Некоторые из лучших очерков из жизни составляют части пьес, которые ставятся в еврейских театрах на Бауэри. В драмах Гордина есть много сцен, которые гораздо вернее, чем его газетные очерки, отражают неприглядную жизнь и несчастные проблемы бедного русского еврея в Америке; а способность актеров усилить тему и язык реалистической одеждой, манерами и интонацией делает эти сцены часто подлинным откровением для нееврея о новом мире социальных условий. Кобрин и Либин тоже писали пьесы, очень немногие и недраматичные по сравнению с пьесами Гордина, но изобилующие «очерковым» элементом, сценами, которые дают обстановку и среду большой и важной части человечества. Некоторые пьесы Гордина были рассмотрены в предыдущей главе, а пьесы Кобрина и Либина лишь добавляют больше материала к тому же качеству, которое проходит через их газетные очерки. Либин — автор двух пьес, «Запоздалая свадьба» и «Тщетная жертва», за которые ему заплатили по 50 долларов. Каждая из них — серия картин из жалкой еврейской жизни в нью-йоркском гетто. Последняя пьеса — история девушки, которая выходит замуж за человека, которого ненавидит, чтобы получить деньги для своего отца, больного чахоткой. Тема «Запоздалой свадьбы» слишком неприглядна, чтобы ее пересказывать. Обе пьесы — сплошной мрак и лишены какого-либо компенсирующего драматического качества. В пьесах Кобрина — «Гетто Ист-Сайда», «Ист-Бродвей» и «Сломанные цепи» — проблемный элемент более выражен, а драматическая структура более отчетлива, чем в пьесах Либина. В «Ист-Бродвее» молодой человек и девушка были преданы друг другу и делу нигилизма в России, но в Нью-Йорке муж перенимает дух американского «дельца» и требует от своего тестя деньги, обещанные в качестве приданого. Красноречие новой точки зрения противопоставляется красноречию старой в манере, не совсем лишенной драматизма.
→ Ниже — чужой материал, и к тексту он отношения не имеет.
lemma has_bochner_integral_K_lim_square:
  assumes "\<gamma> > 1"
  shows "has_bochner_integral lborel (\<lambda>t. 2 * ((K_lim s t)\<^sup>2 * w_gamma \<gamma> s * w_gamma \<gamma> t))
           (kernel_square_marginal (\<gamma> - 1) s)"
proof -
  define \<beta> where "\<beta> = \<gamma> - 1"
  have \<beta>: "\<beta> > 0"
    using assms by (simp add: \<beta>_def)
  have v1: "sqrt (pi / \<beta>) * exp ((2 * s)\<^sup>2 / (4 * \<beta>))
        * (1 + 2 * s * (2 * s / (2 * \<beta>)) + s\<^sup>2 * ((2 * s / (2 * \<beta>))\<^sup>2 + 1 / (2 * \<beta>)))
      = sqrt (pi / \<beta>) * exp (s\<^sup>2 / \<beta>) * (1 + 5 / (2 * \<beta>) * s\<^sup>2 + 1 / \<beta>\<^sup>2 * s ^ 4)"
    using \<beta> by (simp add: field_simps power2_eq_square power4_eq_xxxx)
  have I1: "has_bochner_integral lborel
      (\<lambda>t. exp (- \<beta> * t\<^sup>2 + 2 * s * t) * (1 + 2 * s * t + s\<^sup>2 * t\<^sup>2))
      (sqrt (pi / \<beta>) * exp (s\<^sup>2 / \<beta>) * (1 + 5 / (2 * \<beta>) * s\<^sup>2 + 1 / \<beta>\<^sup>2 * s ^ 4))"
    using has_bochner_integral_gaussian_quadratic[OF \<beta>, of "2 * s" 1 "2 * s" "s\<^sup>2"] unfolding v1 .
  have v2: "sqrt (pi / \<beta>) * exp (s\<^sup>2 / (4 * \<beta>))
        * (2 + 6 * s * (s / (2 * \<beta>)) + 4 * s\<^sup>2 * ((s / (2 * \<beta>))\<^sup>2 + 1 / (2 * \<beta>)))
      = sqrt (pi / \<beta>) * exp (s\<^sup>2 / (4 * \<beta>)) * (2 + 5 / \<beta> * s\<^sup>2 + 1 / \<beta>\<^sup>2 * s ^ 4)"
    using \<beta> by (simp add: field_simps power2_eq_square power4_eq_xxxx)
  have I2: "has_bochner_integral lborel
      (\<lambda>t. exp (- \<beta> * t\<^sup>2 + s * t) * (2 + 6 * s * t + 4 * s\<^sup>2 * t\<^sup>2))
      (sqrt (pi / \<beta>) * exp (s\<^sup>2 / (4 * \<beta>)) * (2 + 5 / \<beta> * s\<^sup>2 + 1 / \<beta>\<^sup>2 * s ^ 4))"
    using has_bochner_integral_gaussian_quadratic[OF \<beta>, of s 2 "6 * s" "4 * s\<^sup>2"] unfolding v2 .
  have I3: "has_bochner_integral lborel
      (\<lambda>t. exp (- \<beta> * t\<^sup>2) * (1 + 4 * s * t + 4 * s\<^sup>2 * t\<^sup>2))
      (sqrt (pi / \<beta>) * (1 + 2 / \<beta> * s\<^sup>2))"
    using has_bochner_integral_gaussian_quadratic[OF \<beta>, of 0 1 "4 * s" "4 * s\<^sup>2"] \<beta>
    by (simp add: field_simps)
  have "has_bochner_integral lborel (\<lambda>t. 2 * ((K_lim s t)\<^sup>2 * w_gamma \<gamma> s * w_gamma \<gamma> t))
      (2 * (exp (- \<beta> * s\<^sup>2) *
      (sqrt (pi / \<beta>) * exp (s\<^sup>2 / \<beta>) * (1 + 5 / (2 * \<beta>) * s\<^sup>2 + 1 / \<beta>\<^sup>2 * s ^ 4)
     - sqrt (pi / \<beta>) * exp (s\<^sup>2 / (4 * \<beta>)) * (2 + 5 / \<beta> * s\<^sup>2 + 1 / \<beta>\<^sup>2 * s ^ 4)
     + sqrt (pi / \<beta>) * (1 + 2 / \<beta> * s\<^sup>2))))"
    unfolding K_lim_square_w_gamma \<beta>_def[symmetric]
    by (intro has_bochner_integral_mult_right has_bochner_integral_add has_bochner_integral_diff I1 I2 I3)
  also have "\<dots> = kernel_square_marginal \<beta> s"
  proof -
    have "exp (- (\<beta> - 1 / \<beta>) * s\<^sup>2) = exp (- \<beta> * s\<^sup>2) * exp (s\<^sup>2 / \<beta>)"
      and "exp (- (\<beta> - 1 / (4 * \<beta>)) * s\<^sup>2) = exp (- \<beta> * s\<^sup>2) * exp (s\<^sup>2 / (4 * \<beta>))"
      by (simp_all add: exp_add[symmetric] algebra_simps)
    then show ?thesis
      unfolding kernel_square_marginal_def by (simp only:) (simp add: algebra_simps)
  qed
  finally show ?thesis
    unfolding \<beta>_def .
qed

lemma sqrt_pi_divide_mult:
  assumes "a > 0" and "b > 0"
  shows "sqrt (pi / a) * sqrt (pi / b) = pi / sqrt (a * b)"
proof -
  have "pi / a * (pi / b) = pi\<^sup>2 / (a * b)"
    by (simp add: power2_eq_square)
  then show ?thesis
    by (simp add: real_sqrt_mult[symmetric] real_sqrt_divide)
qed

lemma kernel_square_marginal_rates:
  fixes \<beta> :: real
  assumes "\<beta> > 1"
  shows "\<beta> > 0" and "\<beta>\<^sup>2 - 1 > 0" and "4 * \<beta>\<^sup>2 - 1 > 0"
    and "\<beta> - 1 / \<beta> > 0" and "\<beta> - 1 / (4 * \<beta>) > 0"
    and "\<beta> - 1 / \<beta> = (\<beta>\<^sup>2 - 1) / \<beta>" and "\<beta> - 1 / (4 * \<beta>) = (4 * \<beta>\<^sup>2 - 1) / (4 * \<beta>)"
proof -
  have "\<beta>\<^sup>2 > 1"
    using assms by (simp add: one_less_power)
  then show "\<beta> > 0" and "\<beta>\<^sup>2 - 1 > 0" and "4 * \<beta>\<^sup>2 - 1 > 0"
    using assms by linarith+
  then show "\<beta> - 1 / \<beta> > 0" and "\<beta> - 1 / (4 * \<beta>) > 0"
    by (simp_all add: field_simps power2_eq_square)
  show "\<beta> - 1 / \<beta> = (\<beta>\<^sup>2 - 1) / \<beta>" and "\<beta> - 1 / (4 * \<beta>) = (4 * \<beta>\<^sup>2 - 1) / (4 * \<beta>)"
    using assms by (simp_all add: field_simps power2_eq_square)
qed

lemma has_bochner_integral_kernel_square_marginal_sqrt:
  assumes "\<beta> > 1"
  shows "has_bochner_integral lborel (kernel_square_marginal \<beta>) (2 * sqrt (pi / \<beta>) *
     (sqrt (pi / (\<beta> - 1 / \<beta>)) * (1 + 5/4 * (1 / (\<beta>\<^sup>2 - 1)) + 3/4 * (1 / (\<beta>\<^sup>2 - 1))\<^sup>2)
    - sqrt (pi / (\<beta> - 1 / (4 * \<beta>))) * (2 + 10 * (1 / (4 * \<beta>\<^sup>2 - 1)) + 12 * (1 / (4 * \<beta>\<^sup>2 - 1))\<^sup>2)
    + sqrt (pi / \<beta>) * (1 + 1 / \<beta>\<^sup>2)))"
proof -
  note rates = kernel_square_marginal_rates[OF assms]
  have coefficients:
    "1 + 5 / (2 * \<beta>) / (2 * (c / \<beta>)) + 3 * (1 / \<beta>\<^sup>2) / (4 * (c / \<beta>)\<^sup>2)
       = 1 + 5/4 * (1 / c) + 3/4 * (1 / c)\<^sup>2"
    "2 + 5 / \<beta> / (2 * (c / (4 * \<beta>))) + 3 * (1 / \<beta>\<^sup>2) / (4 * (c / (4 * \<beta>))\<^sup>2)
       = 2 + 10 * (1 / c) + 12 * (1 / c)\<^sup>2" if "c > 0" for c
    using that rates(1) by (simp_all add: field_simps power2_eq_square)
  have c1: "1 + 5 / (2 * \<beta>) / (2 * (\<beta> - 1 / \<beta>)) + 3 * (1 / \<beta>\<^sup>2) / (4 * (\<beta> - 1 / \<beta>)\<^sup>2)
      = 1 + 5/4 * (1 / (\<beta>\<^sup>2 - 1)) + 3/4 * (1 / (\<beta>\<^sup>2 - 1))\<^sup>2"
    using coefficients(1)[OF rates(2)] unfolding rates(6) .
  have I1: "has_bochner_integral lborel
      (\<lambda>s. exp (- (\<beta> - 1 / \<beta>) * s\<^sup>2) * (1 + 5 / (2 * \<beta>) * s\<^sup>2 + 1 / \<beta>\<^sup>2 * s ^ 4))
      (sqrt (pi / (\<beta> - 1 / \<beta>)) * (1 + 5/4 * (1 / (\<beta>\<^sup>2 - 1)) + 3/4 * (1 / (\<beta>\<^sup>2 - 1))\<^sup>2))"
    using has_bochner_integral_gaussian_even_quartic[OF rates(4), of 1 "5 / (2 * \<beta>)" "1 / \<beta>\<^sup>2"] unfolding c1 .
  have c2: "2 + 5 / \<beta> / (2 * (\<beta> - 1 / (4 * \<beta>))) + 3 * (1 / \<beta>\<^sup>2) / (4 * (\<beta> - 1 / (4 * \<beta>))\<^sup>2)
      = 2 + 10 * (1 / (4 * \<beta>\<^sup>2 - 1)) + 12 * (1 / (4 * \<beta>\<^sup>2 - 1))\<^sup>2"
    using coefficients(2)[OF rates(3)] unfolding rates(7) .
  have I2: "has_bochner_integral lborel
      (\<lambda>s. exp (- (\<beta> - 1 / (4 * \<beta>)) * s\<^sup>2) * (2 + 5 / \<beta> * s\<^sup>2 + 1 / \<beta>\<^sup>2 * s ^ 4))
      (sqrt (pi / (\<beta> - 1 / (4 * \<beta>))) * (2 + 10 * (1 / (4 * \<beta>\<^sup>2 - 1)) + 12 * (1 / (4 * \<beta>\<^sup>2 - 1))\<^sup>2))"
    using has_bochner_integral_gaussian_even_quartic[OF rates(5), of 2 "5 / \<beta>" "1 / \<beta>\<^sup>2"] unfolding c2 .
  have I3: "has_bochner_integral lborel (\<lambda>s. exp (- \<beta> * s\<^sup>2) * (1 + 2 / \<beta> * s\<^sup>2))
      (sqrt (pi / \<beta>) * (1 + 1 / \<beta>\<^sup>2))"
    using has_bochner_integral_gaussian_even_quartic[OF rates(1), of 1 "2 / \<beta>" 0] rates(1)
    by (simp add: field_simps power2_eq_square)
  show ?thesis
    unfolding kernel_square_marginal_def[abs_def]
    by (intro has_bochner_integral_mult_right has_bochner_integral_add has_bochner_integral_diff I1 I2 I3)
qed

lemma has_bochner_integral_kernel_square_marginal:
  assumes "\<beta> > 1"
  shows "has_bochner_integral lborel (kernel_square_marginal \<beta>)
    (let \<delta> = 1 / sqrt (\<beta>\<^sup>2 - 1); \<eta> = 1 / sqrt (4 * \<beta>\<^sup>2 - 1)
     in 2 * pi * (1 / \<beta> + 1 / \<beta> ^ 3 + \<delta> + \<delta> ^ 3 + (1/4) * (\<beta>\<^sup>2 + 2) * \<delta> ^ 5
                  - 4 * \<eta> - 12 * \<eta> ^ 3 - 16 * (2 * \<beta>\<^sup>2 + 1) * \<eta> ^ 5))"
proof -
  define \<delta> where "\<delta> = 1 / sqrt (\<beta>\<^sup>2 - 1)"
  define \<eta> where "\<eta> = 1 / sqrt (4 * \<beta>\<^sup>2 - 1)"
  note rates = kernel_square_marginal_rates[OF assms]
  have \<delta>: "\<delta>\<^sup>2 = 1 / (\<beta>\<^sup>2 - 1)" and \<eta>: "\<eta>\<^sup>2 = 1 / (4 * \<beta>\<^sup>2 - 1)"
    using rates by (simp_all add: \<delta>_def \<eta>_def power_divide)
  have "sqrt (pi / \<beta>) * sqrt (pi / (\<beta> - 1 / \<beta>)) = pi * \<delta>"
    unfolding sqrt_pi_divide_mult[OF rates(1,4)] using rates(1) by (simp add: rates(6) \<delta>_def)
  moreover have "sqrt (pi / \<beta>) * sqrt (pi / (\<beta> - 1 / (4 * \<beta>))) = 2 * pi * \<eta>"
    unfolding sqrt_pi_divide_mult[OF rates(1,5)] using rates(1) by (simp add: rates(7) \<eta>_def real_sqrt_divide)
  moreover have "(sqrt (pi / \<beta>))\<^sup>2 * (1 + 1 / \<beta>\<^sup>2) = pi * (1 / \<beta> + 1 / \<beta> ^ 3)"
    using rates(1) by (simp add: field_simps power2_eq_square power3_eq_cube)
  moreover have "\<delta>\<^sup>2 * (\<beta>\<^sup>2 - 1) = 1" and "\<eta>\<^sup>2 * (4 * \<beta>\<^sup>2 - 1) = 1"
    using rates by (simp_all add: \<delta> \<eta>)
  ultimately have closed_form: "2 * sqrt (pi / \<beta>) *
     (sqrt (pi / (\<beta> - 1 / \<beta>)) * (1 + 5/4 * \<delta>\<^sup>2 + 3/4 * (\<delta>\<^sup>2)\<^sup>2)
    - sqrt (pi / (\<beta> - 1 / (4 * \<beta>))) * (2 + 10 * \<eta>\<^sup>2 + 12 * (\<eta>\<^sup>2)\<^sup>2)
    + sqrt (pi / \<beta>) * (1 + 1 / \<beta>\<^sup>2))
    = 2 * pi * (1 / \<beta> + 1 / \<beta> ^ 3 + \<delta> + \<delta> ^ 3 + (1/4) * (\<beta>\<^sup>2 + 2) * \<delta> ^ 5
                  - 4 * \<eta> - 12 * \<eta> ^ 3 - 16 * (2 * \<beta>\<^sup>2 + 1) * \<eta> ^ 5)"
    by algebra
  show ?thesis
    using has_bochner_integral_kernel_square_marginal_sqrt[OF assms]
    unfolding Let_def \<delta>_def[symmetric] \<eta>_def[symmetric] \<delta>[symmetric] \<eta>[symmetric] closed_form .
qed

theorem mainTheorem6:
  fixes M :: "'a measure" and W :: "'a \<Rightarrow> real \<Rightarrow> real" and \<gamma> :: real
  assumes "prob_space M"
    and "\<gamma> > 2"
    and "(\<lambda>(\<omega>, t). W \<omega> t) \<in> borel_measurable (M \<Otimes>\<^sub>M lborel)"
    and "\<forall>\<omega>\<in>space M. integrable lborel (\<lambda>t. (W \<omega> t)\<^sup>2 * w_gamma \<gamma> t)"
    and "centred_gaussian_process M K_lim W"
  shows "let T = (\<lambda>\<omega>. \<integral>t. (W \<omega> t)\<^sup>2 * w_gamma \<gamma> t \<partial>lborel);
             \<beta> = \<gamma> - 1;
             \<delta> = 1 / sqrt (\<beta>\<^sup>2 - 1);
             \<eta> = 1 / sqrt (4 * \<beta>\<^sup>2 - 1)
         in (\<integral>\<omega>. (T \<omega> - (\<integral>\<omega>'. T \<omega>' \<partial>M))\<^sup>2 \<partial>M)
            = 2 * pi * (1 / \<beta> + 1 / \<beta> ^ 3 + \<delta> + \<delta> ^ 3 + (1/4) * (\<beta>\<^sup>2 + 2) * \<delta> ^ 5
                        - 4 * \<eta> - 12 * \<eta> ^ 3 - 16 * (2 * \<beta>\<^sup>2 + 1) * \<eta> ^ 5)"
proof -
  interpret prob_space M by fact
  define h where "h \<omega> t = (W \<omega> t)\<^sup>2 * w_gamma \<gamma> t" for \<omega> t
  have "w_gamma \<gamma> \<in> borel_measurable lborel"
    unfolding w_gamma_def[abs_def] by measurable
  then have h_meas: "(\<lambda>(\<omega>, t). h \<omega> t) \<in> borel_measurable (M \<Otimes>\<^sub>M lborel)"
    using assms(3) unfolding h_def case_prod_beta'
    by (intro borel_measurable_times borel_measurable_power measurable_compose[OF measurable_snd])
  have mean: "has_bochner_integral M (\<lambda>\<omega>. h \<omega> t) (K_lim t t * w_gamma \<gamma> t)" for t
    using has_bochner_integral_mult_left[OF centred_gaussian_rv_second_moment[OF assms(1)
        centred_gaussian_process_point[OF assms(5)]]]
    by (simp add: h_def)
  have cov: "has_bochner_integral M (\<lambda>\<omega>. h \<omega> s * h \<omega> t) (K_lim s s * w_gamma \<gamma> s
      * (K_lim t t * w_gamma \<gamma> t) + 2 * ((K_lim s t)\<^sup>2 * w_gamma \<gamma> s * w_gamma \<gamma> t))" for s t
    using has_bochner_integral_mult_right[OF centred_gaussian_process_square_product_moment[OF assms(1,5)
        K_lim_commute[of t s]], where c="w_gamma \<gamma> s * w_gamma \<gamma> t"]
    by (simp add: h_def algebra_simps)
  have "\<gamma> > 1" and "\<gamma> - 1 > 1"
    using assms(2) by simp_all
  show ?thesis
    unfolding Let_def h_def[symmetric]
    by (rule variance_integral_nonneg_field[OF lborel.sigma_finite_measure_axioms h_meas _ _ mean
          has_bochner_integral_integrable[OF integrable_K_lim_diag_w_gamma[OF assms(2)]] cov
          has_bochner_integral_K_lim_square[OF \<open>\<gamma> > 1\<close>]
          has_bochner_integral_kernel_square_marginal[OF \<open>\<gamma> - 1 > 1\<close>, unfolded Let_def]])
       (use assms(4) in \<open>auto simp: h_def w_gamma_def\<close>)
qed

end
Тот факт, что существует ряд авторов газет на идише в Нью-Йорке, движимых желанием дать подлинные проблески реальной жизни людей, особенно интересен, возможно, из-за того света, который он проливает на характер их еврейских читателей и широту культуры, которую это подразумевает. Конечно, есть много русских евреев в Ист-Сайде, которые любят читать все, что кажется им «естественным», — слово, которое часто у них на устах. Однако было бы вводить в заблуждение делать очень оптимистичные выводы в отношении евреев гетто в целом; ибо спрос, который делает возможными эти очерки, практически ограничен социалистами и уменьшается по мере того, как это политическое и интеллектуальное движение теряет жизненную силу под американским влиянием. Сегодня в газетах на идише публикуется меньше хороших очерков, чем раньше, когда «Арбайтерцайтунг» была силой для социального и литературного улучшения. Ссоры среди социалистов, приведшие ко многим ослабляющим расколам, и рост более постоянного коммерческого отношения со стороны газет, чем раньше, отчасти ответственны за перемены. Немногие талантливые люди, которые под стимулом редакционного спроса на искреннее искусство писали в ранние дни с полным сердцем и полной убежденностью, теперь отчасти потеряли интерес. Левин вообще бросил писать ради более прибыльной работы наборщика, Горин стал в основном переводчиком и литературным поденщиком в штате газеты, а Гордин и Кобрин обратили свое внимание на написание пьес, на которые существует жизненный, пусть и грубый, спрос. Один лишь Либин, самый интересный и в подлинном смысле самый талантливый из них всех, остается самым бедным в мирских благах и самым преданным своему искусству.

Глава восьмая. Романист

Хотя Абрахам Каган начал свою литературную карьеру как писатель на идише для газет гетто, его важные работы были написаны и опубликованы на английском языке. Его работа как писателя на идише носила почти исключительно образовательный характер. Это сразу устанавливает важное различие между ним и авторами очерков на идише, рассмотренными в предыдущей главе. Еще более существенное различие возникает из относительного качества его работ, которые, в отличие от работ писателей на идише, скорее относятся к разряду рассказа или романа, чем очерка. Работы Кагана более развиты и более зрелы как искусство, чем работы других людей, которые остаются по сути авторами очерков. Даже в их более длинных рассказах хорошим является лишь случайная вспышка жизни, случайная картина, и это не подразумевает персонажей и темы, развитых достаточно, чтобы поставить их в категорию романа. Скорее, чем за искусство, которое они раскрывают, они интересны тем искренним способом, которым представляют хорошо знакомую жизнь. На самом деле литературный талант гетто состоит почти исключительно из короткого очерка. К этому общему правилу Абрахам Каган ближе всего подходит к тому, чтобы стать исключением. Даже в его работах преобладает очерковый элемент; но по крайней мере в одном длинном рассказе достигнуто нечто большее; в его коротких рассказах часто много обстоятельств и развития; и сейчас он закончил первый черновик длинного романа. Его рассказы время от времени появлялись в ведущих английских журналах, и есть два тома, с которыми знакома взыскательная американская и английская публика: «Йекл» и «Привезенный жених и другие рассказы». Как и его работы, жизнь Кагана также представляет необычайный интерес. У него была колоритная карьера социалиста и редактора в гетто.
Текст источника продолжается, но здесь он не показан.